━━━ Provided material

(* Let $\boldsymbol{x}=\boldsymbol{H}\boldsymbol{y}+\boldsymbol{n}$, where $\boldsymbol{H}$ is a fixed matrix, $\boldsymbol{y}$ is drawn from a (fictitious) prior, and $\boldsymbol{n}$ is a zero-mean random vector with covariance $\boldsymbol{\Sigma}_n$, independent of $\boldsymbol{y}$. Consider linear estimators $\hat{\boldsymbol{y}}=\boldsymbol{A}\boldsymbol{x}$ and, for $\lambda\ge 0$, the linear BCE defined (in the limit $N,M\to\infty$ of infinitely many training samples) as the minimizer over $\boldsymbol{A}$ of $$\mathrm{E}\big[\|\boldsymbol{A}\boldsymbol{x}-\boldsymbol{y}\|^2\big]+\lambda\,\mathrm{E}\Big[\big\|\mathrm{E}[\boldsymbol{A}\boldsymbol{x}-\boldsymbol{y}\mid\boldsymbol{y}]\big\|^2\Big],$$ all expectations over $\boldsymbol{y}$ being with respect to the fictitious prior. Let $\mathbf{R}=\mathrm{E}\big[\mathrm{E}[\boldsymbol{x}\mid\boldsymbol{y}]\,\mathrm{E}[\boldsymbol{x}^T\mid\boldsymbol{y}]\big]$ and $\boldsymbol{\Sigma}_{\boldsymbol{y}}=\mathrm{E}[\boldsymbol{y}\boldsymbol{y}^T]$, and assume all matrices being inverted below are invertible. Then the linear BCE is $$\boldsymbol{A}=\mathrm{E}[\boldsymbol{y}\boldsymbol{x}^T]\Big(\tfrac{1}{\lambda+1}\mathrm{E}[\boldsymbol{x}\boldsymbol{x}^T]+\tfrac{\lambda}{\lambda+1}\mathbf{R}\Big)^{-1}=\Big(\boldsymbol{H}^T\boldsymbol{\Sigma}_n^{-1}\boldsymbol{H}+\tfrac{1}{\lambda+1}\boldsymbol{\Sigma}_{\boldsymbol{y}}^{-1}\Big)^{-1}\boldsymbol{H}^T\boldsymbol{\Sigma}_n^{-1}.$$ *)

theory Defs
  imports "HOL-Probability.Probability"
begin

definition outer :: "real^'n \<Rightarrow> real^'k \<Rightarrow> real^'k^'n" where
  "outer u v = (\<chi> i j. u $ i * v $ j)"

definition mat_expectation :: "'a measure \<Rightarrow> ('a \<Rightarrow> real^'k^'n) \<Rightarrow> real^'k^'n" where
  "mat_expectation M F = (\<chi> i j. integral\<^sup>L M (\<lambda>w. F w $ i $ j))"

definition gen_sigma :: "'a measure \<Rightarrow> ('a \<Rightarrow> 'b::topological_space) \<Rightarrow> 'a measure" where
  "gen_sigma M y = vimage_algebra (space M) y borel"

definition vec_cond_exp :: "'a measure \<Rightarrow> ('a \<Rightarrow> 'b::topological_space) \<Rightarrow> ('a \<Rightarrow> real^'n) \<Rightarrow> 'a \<Rightarrow> real^'n" where
  "vec_cond_exp M y f w = (\<chi> i. real_cond_exp M (gen_sigma M y) (\<lambda>v. f v $ i) w)"

definition bce_objective ::
  "'a measure \<Rightarrow> real \<Rightarrow> ('a \<Rightarrow> real^'d) \<Rightarrow> ('a \<Rightarrow> real^'m) \<Rightarrow> real^'m^'d \<Rightarrow> real" where
  "bce_objective M lam y x A =
     integral\<^sup>L M (\<lambda>w. (norm (A *v x w - y w))\<^sup>2)
     + lam * integral\<^sup>L M (\<lambda>w. (norm (vec_cond_exp M y (\<lambda>v. A *v x v - y v) w))\<^sup>2)"

end

theory Submission
  imports Defs
begin

(* Since the noise is centred and independent of y, E[x | y] = H y almost surely, so the bias term
   of the objective is lam E||A H y - y||^2.  With Sy = E[y y^T] and Sn = E[n n^T] the objective is
   then the quadratic function tr (A N A^T) - 2 tr (A S^T) + const of A, where
   N = (lam + 1) H Sy H^T + Sn and S = (lam + 1) Sy H^T.  As N is symmetric positive semidefinite,
   its minimisers are exactly the solutions of the normal equation A N = S, which after division by
   lam + 1 is the first formula; the push-through identity
   Sy H^T (H Sy H^T + c Sn)^-1 = (H^T Sn^-1 H + c Sy^-1)^-1 H^T Sn^-1 with c = 1 / (lam + 1)
   turns it into the second. *)

lemma matrix_inv_right: "invertible A \<Longrightarrow> A ** matrix_inv A = mat 1"
  and matrix_inv_left: "invertible A \<Longrightarrow> matrix_inv A ** A = mat 1"
  unfolding invertible_def matrix_inv_def by (metis (mono_tags, lifting) someI)+

lemma matrix_mul_eq_iff_eq_mul_inv:
  fixes N :: "'a::semiring_1^'m^'m"
  assumes "invertible N"
  shows "A ** N = S \<longleftrightarrow> A = S ** matrix_inv N"
  by (metis assms matrix_inv_left matrix_inv_right matrix_mul_assoc matrix_mul_rid)

lemma matrix_add_rdistrib: "(A + B) ** C = A ** C + B ** (C :: 'a::semiring_1^_^_)"
  by (simp add: matrix_matrix_mult_def vec_eq_iff sum.distrib distrib_right)

lemma transpose_add: "transpose (A + B) = transpose A + transpose (B :: 'a::semiring_1^'n^'m)"
  by (simp add: transpose_def vec_eq_iff)

lemma push_through_identity:
  fixes H :: "real^'d^'m" and P :: "real^'d^'d" and Q :: "real^'m^'m"
  assumes P: "invertible P" and Q: "invertible Q"
    and G: "invertible (H ** P ** transpose H + c *\<^sub>R Q)"
    and K: "invertible (transpose H ** matrix_inv Q ** H + c *\<^sub>R matrix_inv P)"
  shows "P ** transpose H ** matrix_inv (H ** P ** transpose H + c *\<^sub>R Q)
       = matrix_inv (transpose H ** matrix_inv Q ** H + c *\<^sub>R matrix_inv P) ** transpose H ** matrix_inv Q"
proof -
  let ?G = "H ** P ** transpose H + c *\<^sub>R Q" and ?K = "transpose H ** matrix_inv Q ** H + c *\<^sub>R matrix_inv P"
  have "?K ** (P ** transpose H) = transpose H ** matrix_inv Q ** ?G"
    by (simp add: matrix_add_rdistrib matrix_add_ldistrib matrix_scalar_ac scalar_matrix_assoc[symmetric]
        matrix_mul_assoc matrix_inv_left[OF P] matrix_inv_left[OF Q])
       (simp add: matrix_mul_assoc[symmetric] matrix_inv_left[OF Q])
  then have "P ** transpose H = matrix_inv ?K ** transpose H ** matrix_inv Q ** ?G"
    by (metis K matrix_inv_left matrix_mul_assoc matrix_mul_lid)
  then show ?thesis
    using matrix_mul_eq_iff_eq_mul_inv[OF G] by metis
qed

lemma inner_matrix_mul_right:
  fixes A :: "real^'k^'n" and D :: "real^'m^'n" and N :: "real^'k^'m"
  shows "inner A (D ** N) = inner D (A ** transpose N)"
  by (simp add: inner_vec_def matrix_matrix_mult_def transpose_def sum_distrib_left mult_ac sum.swap[of _ "UNIV::'k set"])

lemma inner_matrix_vector_mult_outer: "inner (A *v v) e = inner A (outer e v)"
  by (simp add: inner_vec_def matrix_vector_mult_def outer_def sum_distrib_left sum_distrib_right mult_ac)

lemma nonneg_quadratic_imp_linear_coeff_zero:
  fixes g q :: real
  assumes "q \<ge> 0" "g \<ge> 0" and nonneg: "\<And>s. 0 \<le> 2 * s * g + s\<^sup>2 * q"
  shows "g = 0"
proof (rule ccontr)
  assume "g \<noteq> 0"
  define s where "s = - g / (q + 1)"
  have "s < 0" using assms \<open>g \<noteq> 0\<close> by (simp add: s_def divide_pos_pos)
  have "s * q = - g - s" using assms(1) by (simp add: s_def field_simps)
  have "2 * s * g + s\<^sup>2 * q = s * (2 * g + s * q)" by (simp add: power2_eq_square algebra_simps)
  also have "\<dots> = s * (g - s)" using \<open>s * q = - g - s\<close> by simp
  finally have "2 * s * g + s\<^sup>2 * q = s * (g - s)" .
  moreover have "s * (g - s) < 0" using \<open>s < 0\<close> assms(2) by (simp add: mult_neg_pos)
  ultimately show False using nonneg[of s] by simp
qed

(* On matrices, inner is the Frobenius product: f B = tr (B N B^T) - 2 tr (B S^T) + c. *)
lemma quadratic_minimizer_iff:
  fixes N :: "real^'m^'m" and S :: "real^'m^'d" and f :: "real^'m^'d \<Rightarrow> real"
  assumes f: "\<And>B. f B = inner B (B ** N) - 2 * inner B S + c"
    and sym: "transpose N = N" and psd: "\<And>D::real^'m^'d. 0 \<le> inner D (D ** N)"
  shows "(\<forall>B. f A \<le> f B) \<longleftrightarrow> A ** N = S"
proof -
  have expand: "f (A + D) = f A + 2 * inner D (A ** N - S) + inner D (D ** N)" for D
    using inner_matrix_mul_right[of A D N]
    by (simp add: f sym matrix_add_ldistrib matrix_add_rdistrib inner_add_left inner_add_right
        inner_diff_right inner_commute[of A] algebra_simps)
  show ?thesis
  proof
    assume min: "\<forall>B. f A \<le> f B"
    define G where "G = A ** N - S"
    define g q where "g = inner G G" and "q = inner G (G ** N)"
    have "q \<ge> 0" "g \<ge> 0" using psd[of G] by (simp_all add: q_def g_def)
    have "f (A + s *\<^sub>R G) = f A + 2 * s * g + s\<^sup>2 * q" for s
      using expand[of "s *\<^sub>R G"] unfolding G_def[symmetric] g_def q_def
      by (simp add: scalar_matrix_assoc[symmetric] power2_eq_square)
    then have "0 \<le> 2 * s * g + s\<^sup>2 * q" for s
      using min by (metis le_add_same_cancel1 add.assoc)
    then have "g = 0"
      using nonneg_quadratic_imp_linear_coeff_zero \<open>q \<ge> 0\<close> \<open>g \<ge> 0\<close> by blast
    then show "A ** N = S" by (simp add: g_def G_def)
  next
    assume "A ** N = S"
    then have "f A \<le> f (A + D)" for D using expand[of D] psd[of D] by simp
    then show "\<forall>B. f A \<le> f B" by (metis add.commute diff_add_cancel)
  qed
qed

definition square_integrable :: "'a measure \<Rightarrow> ('a \<Rightarrow> 'b::real_normed_vector) \<Rightarrow> bool" where
  "square_integrable M u \<longleftrightarrow> u \<in> borel_measurable M \<and> integrable M (\<lambda>w. (norm (u w))\<^sup>2)"

lemma borel_measurable_vec_nth [measurable (raw)]:
  fixes f :: "'a \<Rightarrow> real^'n"
  assumes "f \<in> borel_measurable M"
  shows "(\<lambda>w. f w $ i) \<in> borel_measurable M"
  using measurable_compose[OF assms borel_measurable_nth] .

lemma borel_measurable_matrix_vector_mult [measurable]:
  fixes K :: "real^'n^'m"
  assumes "f \<in> borel_measurable M"
  shows "(\<lambda>w. K *v f w) \<in> borel_measurable M"
  using measurable_compose[OF assms borel_measurable_continuous_onI
      [OF linear_continuous_on[OF matrix_vector_mul_bounded_linear]]] .

lemma square_integrable_add:
  fixes u v :: "'a \<Rightarrow> 'b::{real_normed_vector, second_countable_topology}"
  assumes "square_integrable M u" "square_integrable M v"
  shows "square_integrable M (\<lambda>w. u w + v w)"
proof -
  have [measurable]: "u \<in> borel_measurable M" "v \<in> borel_measurable M"
    using assms by (simp_all add: square_integrable_def)
  have bound: "(norm (u w + v w))\<^sup>2 \<le> 2 * (norm (u w))\<^sup>2 + 2 * (norm (v w))\<^sup>2" for w
  proof -
    have "(norm (u w + v w))\<^sup>2 \<le> (norm (u w) + norm (v w))\<^sup>2"
      by (simp add: norm_triangle_ineq power_mono)
    also have "\<dots> \<le> 2 * (norm (u w))\<^sup>2 + 2 * (norm (v w))\<^sup>2"
      using sum_squares_bound[of "norm (u w)" "norm (v w)"] by (simp add: power2_sum)
    finally show ?thesis .
  qed
  have "integrable M (\<lambda>w. 2 * (norm (u w))\<^sup>2 + 2 * (norm (v w))\<^sup>2)"
    using assms by (simp add: square_integrable_def)
  then have "integrable M (\<lambda>w. (norm (u w + v w))\<^sup>2)"
    by (rule Bochner_Integration.integrable_bound) (measurable, simp add: bound)
  then show ?thesis by (simp add: square_integrable_def)
qed

lemma square_integrable_matrix_vector_mult:
  fixes K :: "real^'n^'m"
  assumes "square_integrable M u"
  shows "square_integrable M (\<lambda>w. K *v u w)"
proof -
  have [measurable]: "u \<in> borel_measurable M" using assms by (simp add: square_integrable_def)
  have bound: "(norm (K *v u w))\<^sup>2 \<le> (onorm ((*v) K))\<^sup>2 * (norm (u w))\<^sup>2" for w
    using onorm[OF matrix_vector_mul_bounded_linear, of K "u w"]
    by (simp add: power_mono flip: power_mult_distrib)
  have "integrable M (\<lambda>w. (onorm ((*v) K))\<^sup>2 * (norm (u w))\<^sup>2)"
    using assms by (simp add: square_integrable_def)
  then have "integrable M (\<lambda>w. (norm (K *v u w))\<^sup>2)"
    by (rule Bochner_Integration.integrable_bound) (measurable, simp add: bound)
  then show ?thesis by (simp add: square_integrable_def)
qed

━━━━━━

**Exercise details**
Send back exactly, with nothing added, the lines from the first line of the material above through the line holding "theory Defs"; both ends are included.

**Result for this task**
(* Let $\boldsymbol{x}=\boldsymbol{H}\boldsymbol{y}+\boldsymbol{n}$, where $\boldsymbol{H}$ is a fixed matrix, $\boldsymbol{y}$ is drawn from a (fictitious) prior, and $\boldsymbol{n}$ is a zero-mean random vector with covariance $\boldsymbol{\Sigma}_n$, independent of $\boldsymbol{y}$. Consider linear estimators $\hat{\boldsymbol{y}}=\boldsymbol{A}\boldsymbol{x}$ and, for $\lambda\ge 0$, the linear BCE defined (in the limit $N,M\to\infty$ of infinitely many training samples) as the minimizer over $\boldsymbol{A}$ of $$\mathrm{E}\big[\|\boldsymbol{A}\boldsymbol{x}-\boldsymbol{y}\|^2\big]+\lambda\,\mathrm{E}\Big[\big\|\mathrm{E}[\boldsymbol{A}\boldsymbol{x}-\boldsymbol{y}\mid\boldsymbol{y}]\big\|^2\Big],$$ all expectations over $\boldsymbol{y}$ being with respect to the fictitious prior. Let $\mathbf{R}=\mathrm{E}\big[\mathrm{E}[\boldsymbol{x}\mid\boldsymbol{y}]\,\mathrm{E}[\boldsymbol{x}^T\mid\boldsymbol{y}]\big]$ and $\boldsymbol{\Sigma}_{\boldsymbol{y}}=\mathrm{E}[\boldsymbol{y}\boldsymbol{y}^T]$, and assume all matrices being inverted below are invertible. Then the linear BCE is $$\boldsymbol{A}=\mathrm{E}[\boldsymbol{y}\boldsymbol{x}^T]\Big(\tfrac{1}{\lambda+1}\mathrm{E}[\boldsymbol{x}\boldsymbol{x}^T]+\tfrac{\lambda}{\lambda+1}\mathbf{R}\Big)^{-1}=\Big(\boldsymbol{H}^T\boldsymbol{\Sigma}_n^{-1}\boldsymbol{H}+\tfrac{1}{\lambda+1}\boldsymbol{\Sigma}_{\boldsymbol{y}}^{-1}\Big)^{-1}\boldsymbol{H}^T\boldsymbol{\Sigma}_n^{-1}.$$ *)

theory Defs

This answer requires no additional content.